Extracted data entries
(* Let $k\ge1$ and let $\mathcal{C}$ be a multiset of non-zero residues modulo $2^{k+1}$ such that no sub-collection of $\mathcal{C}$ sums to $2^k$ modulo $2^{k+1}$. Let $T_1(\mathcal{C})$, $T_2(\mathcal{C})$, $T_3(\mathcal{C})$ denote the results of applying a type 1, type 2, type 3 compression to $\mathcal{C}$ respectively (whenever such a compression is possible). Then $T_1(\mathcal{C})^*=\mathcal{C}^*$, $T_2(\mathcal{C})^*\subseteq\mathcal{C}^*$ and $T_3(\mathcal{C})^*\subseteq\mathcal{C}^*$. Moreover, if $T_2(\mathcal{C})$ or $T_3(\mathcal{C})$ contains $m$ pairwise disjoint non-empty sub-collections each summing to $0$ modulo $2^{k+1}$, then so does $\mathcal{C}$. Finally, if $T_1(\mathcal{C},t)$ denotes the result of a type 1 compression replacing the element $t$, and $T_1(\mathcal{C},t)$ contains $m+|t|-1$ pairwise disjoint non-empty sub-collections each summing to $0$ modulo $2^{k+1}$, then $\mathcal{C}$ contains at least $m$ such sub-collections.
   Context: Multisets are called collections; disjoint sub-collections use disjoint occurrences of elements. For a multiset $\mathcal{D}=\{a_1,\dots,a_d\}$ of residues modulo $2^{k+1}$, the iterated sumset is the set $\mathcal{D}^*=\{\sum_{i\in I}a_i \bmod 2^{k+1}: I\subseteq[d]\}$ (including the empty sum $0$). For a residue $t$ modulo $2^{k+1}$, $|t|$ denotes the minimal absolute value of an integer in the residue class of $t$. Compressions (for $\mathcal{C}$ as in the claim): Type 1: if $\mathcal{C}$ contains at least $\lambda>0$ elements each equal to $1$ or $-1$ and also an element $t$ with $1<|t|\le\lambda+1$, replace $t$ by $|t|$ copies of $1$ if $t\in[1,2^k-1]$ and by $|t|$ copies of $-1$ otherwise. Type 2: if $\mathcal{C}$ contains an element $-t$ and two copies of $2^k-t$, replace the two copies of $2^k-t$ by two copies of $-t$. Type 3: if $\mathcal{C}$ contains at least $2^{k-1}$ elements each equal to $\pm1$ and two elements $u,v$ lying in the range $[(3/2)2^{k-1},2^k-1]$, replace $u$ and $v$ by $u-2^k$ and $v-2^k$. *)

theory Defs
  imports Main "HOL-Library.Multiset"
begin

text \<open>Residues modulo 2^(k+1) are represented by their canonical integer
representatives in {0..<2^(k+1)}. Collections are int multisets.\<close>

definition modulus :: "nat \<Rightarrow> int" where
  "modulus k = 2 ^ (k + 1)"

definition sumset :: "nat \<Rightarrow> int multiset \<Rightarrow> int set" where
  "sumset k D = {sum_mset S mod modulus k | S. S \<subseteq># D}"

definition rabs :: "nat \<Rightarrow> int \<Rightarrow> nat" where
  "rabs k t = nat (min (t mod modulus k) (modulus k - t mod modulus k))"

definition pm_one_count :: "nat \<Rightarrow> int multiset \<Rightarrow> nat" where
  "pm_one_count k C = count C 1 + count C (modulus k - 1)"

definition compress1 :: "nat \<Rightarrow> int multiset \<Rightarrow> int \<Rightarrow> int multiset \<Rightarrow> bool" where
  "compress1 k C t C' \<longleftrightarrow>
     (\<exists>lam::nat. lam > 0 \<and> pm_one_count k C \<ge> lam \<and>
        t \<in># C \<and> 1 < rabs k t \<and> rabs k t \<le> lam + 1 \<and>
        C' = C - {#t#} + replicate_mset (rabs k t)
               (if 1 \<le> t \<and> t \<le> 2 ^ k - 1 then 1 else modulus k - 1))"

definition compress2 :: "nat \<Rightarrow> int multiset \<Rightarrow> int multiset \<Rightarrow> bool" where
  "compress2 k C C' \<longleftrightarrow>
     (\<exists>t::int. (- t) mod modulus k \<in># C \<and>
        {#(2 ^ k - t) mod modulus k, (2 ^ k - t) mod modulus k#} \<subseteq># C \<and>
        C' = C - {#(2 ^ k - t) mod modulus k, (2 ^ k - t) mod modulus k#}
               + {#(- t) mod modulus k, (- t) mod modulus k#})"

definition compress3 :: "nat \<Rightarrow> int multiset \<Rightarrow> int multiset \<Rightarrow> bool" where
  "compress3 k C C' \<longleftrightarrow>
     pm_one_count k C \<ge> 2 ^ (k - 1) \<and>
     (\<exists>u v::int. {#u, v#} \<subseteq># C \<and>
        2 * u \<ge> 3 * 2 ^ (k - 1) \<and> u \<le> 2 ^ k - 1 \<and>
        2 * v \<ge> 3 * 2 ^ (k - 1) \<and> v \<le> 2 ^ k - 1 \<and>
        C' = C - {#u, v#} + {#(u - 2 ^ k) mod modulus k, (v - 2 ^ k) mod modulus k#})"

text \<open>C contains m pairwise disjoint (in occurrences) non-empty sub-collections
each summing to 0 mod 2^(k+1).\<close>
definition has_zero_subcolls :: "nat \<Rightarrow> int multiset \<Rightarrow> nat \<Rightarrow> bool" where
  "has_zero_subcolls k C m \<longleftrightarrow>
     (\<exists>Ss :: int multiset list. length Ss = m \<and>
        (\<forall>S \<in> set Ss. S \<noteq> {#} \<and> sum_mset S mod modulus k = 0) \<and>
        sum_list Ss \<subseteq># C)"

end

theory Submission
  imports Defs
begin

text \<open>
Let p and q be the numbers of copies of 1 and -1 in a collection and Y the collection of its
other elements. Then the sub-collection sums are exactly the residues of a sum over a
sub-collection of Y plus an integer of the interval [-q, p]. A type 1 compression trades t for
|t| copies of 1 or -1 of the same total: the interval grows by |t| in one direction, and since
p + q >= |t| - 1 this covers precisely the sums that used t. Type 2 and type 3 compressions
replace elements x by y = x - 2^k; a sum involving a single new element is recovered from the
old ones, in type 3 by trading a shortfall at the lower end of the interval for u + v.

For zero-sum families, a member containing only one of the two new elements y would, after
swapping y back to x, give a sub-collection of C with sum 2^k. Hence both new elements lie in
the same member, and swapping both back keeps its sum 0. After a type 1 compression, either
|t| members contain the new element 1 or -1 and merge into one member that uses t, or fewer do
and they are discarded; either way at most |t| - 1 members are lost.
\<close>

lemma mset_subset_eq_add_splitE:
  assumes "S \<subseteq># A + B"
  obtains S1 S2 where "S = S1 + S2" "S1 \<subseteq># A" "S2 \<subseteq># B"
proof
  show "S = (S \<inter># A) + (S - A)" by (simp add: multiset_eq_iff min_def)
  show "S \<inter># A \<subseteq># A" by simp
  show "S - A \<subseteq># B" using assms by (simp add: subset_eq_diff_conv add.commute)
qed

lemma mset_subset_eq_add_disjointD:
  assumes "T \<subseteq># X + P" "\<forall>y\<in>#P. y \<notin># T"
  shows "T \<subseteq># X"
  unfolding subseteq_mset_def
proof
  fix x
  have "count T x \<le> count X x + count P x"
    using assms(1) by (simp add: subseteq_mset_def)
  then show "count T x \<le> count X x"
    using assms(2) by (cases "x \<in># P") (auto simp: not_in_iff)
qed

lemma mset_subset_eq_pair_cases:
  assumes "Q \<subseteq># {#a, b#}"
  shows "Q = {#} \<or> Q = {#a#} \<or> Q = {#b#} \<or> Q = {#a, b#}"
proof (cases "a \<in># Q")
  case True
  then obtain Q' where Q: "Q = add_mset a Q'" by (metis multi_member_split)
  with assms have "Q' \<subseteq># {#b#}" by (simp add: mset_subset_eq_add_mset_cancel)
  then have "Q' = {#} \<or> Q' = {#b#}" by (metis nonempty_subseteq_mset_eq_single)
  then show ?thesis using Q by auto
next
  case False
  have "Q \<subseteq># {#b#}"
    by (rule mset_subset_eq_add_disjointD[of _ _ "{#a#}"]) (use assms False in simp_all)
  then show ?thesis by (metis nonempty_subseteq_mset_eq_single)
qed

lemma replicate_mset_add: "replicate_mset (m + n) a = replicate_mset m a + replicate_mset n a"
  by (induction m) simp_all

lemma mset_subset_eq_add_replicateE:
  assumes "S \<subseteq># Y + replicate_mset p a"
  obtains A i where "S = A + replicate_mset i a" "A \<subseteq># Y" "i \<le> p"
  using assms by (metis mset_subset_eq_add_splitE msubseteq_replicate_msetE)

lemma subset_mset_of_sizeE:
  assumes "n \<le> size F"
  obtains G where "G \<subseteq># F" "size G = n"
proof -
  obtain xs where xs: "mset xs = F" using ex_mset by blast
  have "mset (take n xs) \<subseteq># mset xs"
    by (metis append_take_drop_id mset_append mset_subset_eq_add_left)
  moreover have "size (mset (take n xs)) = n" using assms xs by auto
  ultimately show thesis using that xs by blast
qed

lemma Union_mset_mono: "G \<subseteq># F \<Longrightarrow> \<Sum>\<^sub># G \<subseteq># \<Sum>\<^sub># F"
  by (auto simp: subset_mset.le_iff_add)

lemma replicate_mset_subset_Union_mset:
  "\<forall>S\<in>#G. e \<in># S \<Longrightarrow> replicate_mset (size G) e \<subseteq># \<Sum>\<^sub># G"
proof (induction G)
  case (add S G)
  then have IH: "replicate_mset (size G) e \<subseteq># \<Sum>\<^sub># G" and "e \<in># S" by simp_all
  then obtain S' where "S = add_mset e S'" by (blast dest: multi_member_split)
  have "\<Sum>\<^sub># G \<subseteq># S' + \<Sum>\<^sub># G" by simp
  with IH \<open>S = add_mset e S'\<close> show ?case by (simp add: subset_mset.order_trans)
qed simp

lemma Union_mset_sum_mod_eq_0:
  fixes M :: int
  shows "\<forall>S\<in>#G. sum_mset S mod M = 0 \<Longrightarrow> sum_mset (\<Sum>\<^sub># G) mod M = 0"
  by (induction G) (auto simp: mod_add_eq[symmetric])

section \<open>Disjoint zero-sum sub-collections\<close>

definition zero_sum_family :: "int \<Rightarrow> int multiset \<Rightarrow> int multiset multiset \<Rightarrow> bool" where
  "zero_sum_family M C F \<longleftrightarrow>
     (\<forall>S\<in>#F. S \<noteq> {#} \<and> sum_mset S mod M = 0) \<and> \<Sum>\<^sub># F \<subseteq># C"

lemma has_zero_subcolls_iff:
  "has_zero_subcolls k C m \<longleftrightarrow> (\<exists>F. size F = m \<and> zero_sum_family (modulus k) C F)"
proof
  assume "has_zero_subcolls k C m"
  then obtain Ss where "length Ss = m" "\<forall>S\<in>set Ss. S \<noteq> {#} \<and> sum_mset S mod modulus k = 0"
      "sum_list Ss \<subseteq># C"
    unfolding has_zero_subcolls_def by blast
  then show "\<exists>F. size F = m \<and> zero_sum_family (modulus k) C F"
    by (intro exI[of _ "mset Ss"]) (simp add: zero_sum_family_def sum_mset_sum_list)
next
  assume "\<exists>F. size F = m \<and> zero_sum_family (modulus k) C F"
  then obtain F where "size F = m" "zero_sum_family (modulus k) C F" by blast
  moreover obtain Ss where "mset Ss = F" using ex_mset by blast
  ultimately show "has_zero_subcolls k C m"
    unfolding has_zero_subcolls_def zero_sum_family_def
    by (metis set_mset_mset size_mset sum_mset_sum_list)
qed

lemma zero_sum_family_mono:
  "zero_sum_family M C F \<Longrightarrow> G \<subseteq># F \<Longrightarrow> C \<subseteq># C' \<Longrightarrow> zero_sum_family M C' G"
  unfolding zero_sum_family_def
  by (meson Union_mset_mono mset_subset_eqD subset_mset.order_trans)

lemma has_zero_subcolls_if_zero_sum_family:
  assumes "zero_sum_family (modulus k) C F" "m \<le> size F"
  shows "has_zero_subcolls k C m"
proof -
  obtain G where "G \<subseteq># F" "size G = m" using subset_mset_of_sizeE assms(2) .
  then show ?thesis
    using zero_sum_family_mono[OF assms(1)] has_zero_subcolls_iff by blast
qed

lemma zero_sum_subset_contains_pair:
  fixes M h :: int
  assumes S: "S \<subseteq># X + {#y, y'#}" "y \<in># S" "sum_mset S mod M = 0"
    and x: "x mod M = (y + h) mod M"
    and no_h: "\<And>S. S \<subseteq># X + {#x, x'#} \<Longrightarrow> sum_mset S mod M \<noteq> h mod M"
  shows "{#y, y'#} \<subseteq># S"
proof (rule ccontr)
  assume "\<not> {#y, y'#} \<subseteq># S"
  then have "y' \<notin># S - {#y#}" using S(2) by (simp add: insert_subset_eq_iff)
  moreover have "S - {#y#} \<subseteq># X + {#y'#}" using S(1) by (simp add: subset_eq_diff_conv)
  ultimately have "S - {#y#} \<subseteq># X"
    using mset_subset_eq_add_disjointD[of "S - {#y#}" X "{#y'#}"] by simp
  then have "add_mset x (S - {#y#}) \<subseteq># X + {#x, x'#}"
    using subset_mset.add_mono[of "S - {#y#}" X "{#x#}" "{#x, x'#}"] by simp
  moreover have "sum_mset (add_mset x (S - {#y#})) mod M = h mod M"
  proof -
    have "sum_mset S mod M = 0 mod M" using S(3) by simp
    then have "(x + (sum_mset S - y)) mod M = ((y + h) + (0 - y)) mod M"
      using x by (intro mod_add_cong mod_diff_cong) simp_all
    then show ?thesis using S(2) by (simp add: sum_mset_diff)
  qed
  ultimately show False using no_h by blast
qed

§ PROBLEM DETAILS:
Nothing but the lines from the one containing "(sum_mset S - y))" to the end of the entries belongs in the answer, and each must match exactly.

§ RESPONSE:
    then have "(x + (sum_mset S - y)) mod M = ((y + h) + (0 - y)) mod M"
      using x by (intro mod_add_cong mod_diff_cong) simp_all
    then show ?thesis using S(2) by (simp add: sum_mset_diff)
  qed
  ultimately show False using no_h by blast
qed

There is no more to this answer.